I'm looking at two bottles

First is Brody Bottling Works from Chicago, the second is American Bottling Works also from Chicago.  The American Bottling Works also says "B. BRODY PROP. CHICAGO TRADE MARK REGISTERED B"


Brody Bottling Works has: S 13 A B CO on heel
American Bottling Works has: S 12 A B CO. on the heel

Are these two companies related? What does the mark on the heel mean?


----------



## webe992 (Sep 1, 2021)

A.B. Co. stands for the American Bottling Company (1905-1929).  It's where the bottles would have been made.


----------



## ROBBYBOBBY64 (Sep 1, 2021)

brynnc said:


> I'm looking at two bottles
> 
> First is Brody Bottling Works from Chicago, the second is American Bottling Works also from Chicago.  The American Bottling Works also says "B. BRODY PROP. CHICAGO TRADE MARK REGISTERED B"
> 
> ...


ROBBYBOBBY64.


----------



## brynnc (Sep 1, 2021)

This is great information! Thank you so much! Any idea how I can find out if these two companies are related? Did one buy the other? Did two different Brody's own them?


----------



## ROBBYBOBBY64 (Sep 2, 2021)

brynnc said:


> This is great information! Thank you so much! Any idea how I can find out if these two companies are related? Did one buy the other? Did two different Brody's own them?


They are both American Bottling works bottles made for Brody. 2 variations. Here is a link to a picture of a Hutchinson bottle made for Brody.
ROBBYBOBBY64.
"rare and all original antique american early twentieth century colorless glass hutchinson style beer or mineral water bottle fabricated for brody bottling works." https://www.urbanremainschicago.com...ttle-fabricated-for-brody-bottling-works.html


----------



## brynnc (Sep 2, 2021)

One is I. Brody and one is B. Brody though. Maybe two family members that worked together?


----------



## ROBBYBOBBY64 (Sep 2, 2021)

brynnc said:


> One is I. Brody and one is B. Brody though. Maybe two family members that worked together?


Father and son or possibly brothers?
ROBBYBOBBY64.


----------



## brynnc (Sep 2, 2021)

Is there anywhere you know if that I could find any info on these companies? Thanks for your help!


----------



## K6TIM (Sep 2, 2021)

brynnc said:


> I'm looking at two bottles
> 
> First is Brody Bottling Works from Chicago, the second is American Bottling Works also from Chicago.  The American Bottling Works also says "B. BRODY PROP. CHICAGO TRADE MARK REGISTERED B"
> 
> ...


Go to a web site called "HISTORIC BOTTLES" It tell you a lot about company bottle mark,and logo's embossed on the bottom of a lot of bottles.


----------



## K6TIM (Sep 2, 2021)

brynnc said:


> Is there anywhere you know if that I could find any info on these companies? Thanks for your help!

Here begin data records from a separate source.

lemma closed_simple_path_split:
  fixes g :: "real \<Rightarrow> 'a::real_normed_vector"
  assumes g: "simple_path g" "pathfinish g = pathstart g"
    and st: "0 \<le> s" "s < t" "t \<le> 1" "g s \<noteq> g t"
  obtains c1 c2 where
    "simple_path c1" "pathstart c1 = g s" "pathfinish c1 = g t" "path_image c1 = g ` {s..t}"
    "simple_path c2" "pathstart c2 = g s" "pathfinish c2 = g t" "path_image c2 = g ` ({t..1} \<union> {0..s})"
    "path_image c1 \<inter> path_image c2 = {g s, g t}"
proof
  let ?h = "shiftpath s g"
  have "t - s < 1"
  proof (rule ccontr)
    assume "\<not> t - s < 1"
    then have "s = 0" "t = 1" using st by auto
    then show False using st g(2) by (simp add: pathstart_def pathfinish_def)
  qed
  show img1: "path_image (subpath s t g) = g ` {s..t}"
    using st by (simp add: path_image_subpath)
  show "simple_path (subpath s t g)"
    using st g(1) by (simp add: simple_path_subpath)
  show "pathstart (subpath s t g) = g s" "pathfinish (subpath s t g) = g t"
    by simp_all
  show "simple_path (subpath 1 (t - s) ?h)"
    using st \<open>t - s < 1\<close> by (intro simple_path_subpath simple_path_shiftpath g) auto
  show "pathstart (subpath 1 (t - s) ?h) = g s"
    using pathfinish_shiftpath[OF st(1) g(2)] by (simp add: pathfinish_def)
  show "pathfinish (subpath 1 (t - s) ?h) = g t"
    using st by (simp add: shiftpath_def)
  show img2: "path_image (subpath 1 (t - s) ?h) = g ` ({t..1} \<union> {0..s})"
    using st \<open>t - s < 1\<close> by (simp add: path_image_subpath image_shiftpath_atLeastAtMost g(2))
  have "g ` {s..t} \<inter> g ` ({t..1} \<union> {0..s}) \<subseteq> {g s, g t}"
  proof
    fix z assume "z \<in> g ` {s..t} \<inter> g ` ({t..1} \<union> {0..s})"
    then obtain a b where ab: "a \<in> {s..t}" "b \<in> {t..1} \<union> {0..s}" "z = g a" "g a = g b"
      by force
    then have "a \<in> {0..1}" "b \<in> {0..1}" using st by auto
    then have "a = b \<or> a = 0 \<and> b = 1 \<or> a = 1 \<and> b = 0"
      using g(1) ab(4) unfolding simple_path_def loop_free_def by blast
    then have "a = s \<or> a = t" using ab st by auto
    then show "z \<in> {g s, g t}" using ab(3) by auto
  qed
  moreover have "{g s, g t} \<subseteq> g ` {s..t} \<inter> g ` ({t..1} \<union> {0..s})"
    using st by auto
  ultimately show "path_image (subpath s t g) \<inter> path_image (subpath 1 (t - s) ?h) = {g s, g t}"
    unfolding img1 img2 by (rule subset_antisym)
qed

section \<open>Far points on both sides of an inscribed circle\<close>

lemma arc_farthest_point_off_ends:
  fixes c :: "real \<Rightarrow> 'a::real_normed_vector"
  assumes c: "arc c" and ends: "dist x (pathstart c) = r" "dist x (pathfinish c) = r"
    and "ball x r \<inter> path_image c = {}"
  obtains m where "m \<in> path_image c - {pathstart c, pathfinish c}"
    "\<And>y. y \<in> path_image c \<Longrightarrow> dist x y \<le> dist x m"
proof -
  obtain m0 where m0: "m0 \<in> path_image c" "\<And>y. y \<in> path_image c \<Longrightarrow> dist x y \<le> dist x m0"
    using continuous_attains_sup[OF compact_path_image[OF arc_imp_path[OF c]] _
        continuous_on_dist[OF continuous_on_const continuous_on_id]]
    by blast
  show ?thesis
  proof (cases "m0 \<in> {pathstart c, pathfinish c}")
    case True
    then have "dist x m0 = r" using ends by auto
    obtain m where m: "m \<in> path_image c - {pathstart c, pathfinish c}"
      using arc_image_diff_ends_nonempty[OF c] by blast
    then have "dist x m = dist x m0"
      using m0(2)[of m] \<open>dist x m0 = r\<close> assms(4) by force
    then show ?thesis using that m m0(2) by simp
  qed (use that m0 in auto)
qed

lemma theta_curve_far_point:
  fixes c1 c2 \<alpha> :: "real \<Rightarrow> complex"
  assumes c1: "simple_path c1" "pathstart c1 = p" "pathfinish c1 = q"
    and c2: "simple_path c2" "pathstart c2 = p" "pathfinish c2 = q"
    and \<alpha>: "simple_path \<alpha>" "pathstart \<alpha> = p" "pathfinish \<alpha> = q"
    and pq: "p \<noteq> q"
    and c1c2: "path_image c1 \<inter> path_image c2 = {p, q}"
    and c1\<alpha>: "path_image c1 \<inter> path_image \<alpha> = {p, q}"
    and c2\<alpha>: "path_image c2 \<inter> path_image \<alpha> = {p, q}"
    and \<alpha>_sphere: "path_image \<alpha> \<subseteq> sphere x r"
    and r: "0 < r" and ball: "ball x r \<subseteq> inside (path_image c1 \<union> path_image c2)"
    and curv: "\<forall>m\<in>path_image c1. interior_ball_condition R (inside (path_image c1 \<union> path_image c2)) m"
  shows "\<exists>y\<in>path_image c1. R \<le> dist x y"
proof (rule ccontr)
  assume "\<not> (\<exists>y\<in>path_image c1. R \<le> dist x y)"
  then have near: "\<And>y. y \<in> path_image c1 \<Longrightarrow> dist x y < R" by force
  define I where "I = inside (path_image c1 \<union> path_image c2)"
  define W1 where "W1 = inside (path_image c1 \<union> path_image \<alpha>)"
  define W2 where "W2 = inside (path_image c2 \<union> path_image \<alpha>)"
  have closed: "closed (path_image c1 \<union> path_image c2)" "closed (path_image c2 \<union> path_image \<alpha>)"
    using c1 c2 \<alpha> by (auto intro!: closed_Un closed_path_image simple_path_imp_path)
  have I_curve: "I \<inter> (path_image c1 \<union> path_image c2) = {}"
    by (simp add: I_def)
  have "path_image \<alpha> - {p, q} \<subseteq> cball x r - (path_image c1 \<union> path_image c2)"
    using \<alpha>_sphere c1\<alpha> c2\<alpha> by auto
  then have "path_image \<alpha> - {p, q} \<subseteq> I"
    using cball_diff_subset_inside[OF closed(1) r ball] by (auto simp: I_def)
  moreover have "path_image \<alpha> - {p, q} \<noteq> {}"
    using arc_image_diff_ends_nonempty[of \<alpha>] \<alpha> pq by (simp add: arc_simple_path)
  ultimately have "path_image \<alpha> \<inter> I \<noteq> {}" by blast
  then have I_split: "W1 \<union> W2 \<union> (path_image \<alpha> - {p, q}) = I"
    using split_inside_simple_closed_curve[OF c1 c2 \<alpha> pq c1c2 c1\<alpha> c2\<alpha>]
    unfolding W1_def W2_def I_def by blast
  have "arc c1" using c1 pq by (simp add: arc_simple_path)
  have pq_r: "dist x p = r" "dist x q = r"
    using \<alpha> \<alpha>_sphere by (auto simp flip: \<alpha>(2,3))
  have "ball x r \<inter> path_image c1 = {}"
    using ball I_curve unfolding I_def by blast
  then obtain m where m: "m \<in> path_image c1 - {p, q}"
      and farthest: "\<And>y. y \<in> path_image c1 \<Longrightarrow> dist x y \<le> dist x m"
    using arc_farthest_point_off_ends[OF \<open>arc c1\<close>, of x r] pq_r unfolding c1(2,3) by blast
  define \<rho> where "\<rho> = dist x m"
  have \<rho>: "r \<le> \<rho>" "\<rho> < R"
    using farthest[of p] pq_r near m c1(2) by (auto simp: \<rho>_def)
  have "W1 \<subseteq> cball x \<rho>"
    unfolding W1_def using farthest \<alpha>_sphere \<rho>(1)
    by (intro inside_subset_convex) (force simp: \<rho>_def)+
  then have "I - cball x \<rho> \<subseteq> W2"
    using I_split \<alpha>_sphere \<rho>(1) by auto
  moreover have "m \<in> closure (I - cball x \<rho>)"
    using curv m \<rho> r by (intro interior_ball_condition_closure_diff_cball) (auto simp: I_def \<rho>_def)
  ultimately have "m \<in> closure W2"
    using closure_mono by blast
  moreover have "m \<notin> W2"
    using I_split I_curve m by blast
  ultimately have "m \<in> frontier W2"
    using closed(2) by (simp add: frontier_def W2_def interior_open open_inside)
  then have "m \<in> path_image c2 \<union> path_image \<alpha>"
    using frontier_inside_subset[OF closed(2)] by (auto simp: W2_def)
  then show False
    using m c1c2 c1\<alpha> by blast
qed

Go to a web site called "HISTORIC BOTTLES" This bottle site is the best I ever found on all aspect's of bottle age colr,lips etc. from Victorian (1800'S) age to mid-50's


----------



## brynnc (Sep 2, 2021)

Thank you!!


----------



## brynnc (Sep 2, 2021)

Thank you!!


----------



## ROBBYBOBBY64 (Sep 3, 2021)

brynnc said:


> Is there anywhere you know if that I could find any info on these companies? Thanks for your help!


Search old advertisements online from Chicago.
ROBBYBOBBY64.


----------



## K6TIM (Sep 3, 2021)

ROBBYBOBBY64 said:


> Search old advertisements online from Chicago.
> ROBBYBOBBY64.


The mark on the bottom of your bottles is usually a logo of the glass company who made the model,and a stamp number for the form used a month number ll like #9 (september),and maybe a date like 47 meaning 1947 not all the time though!


----------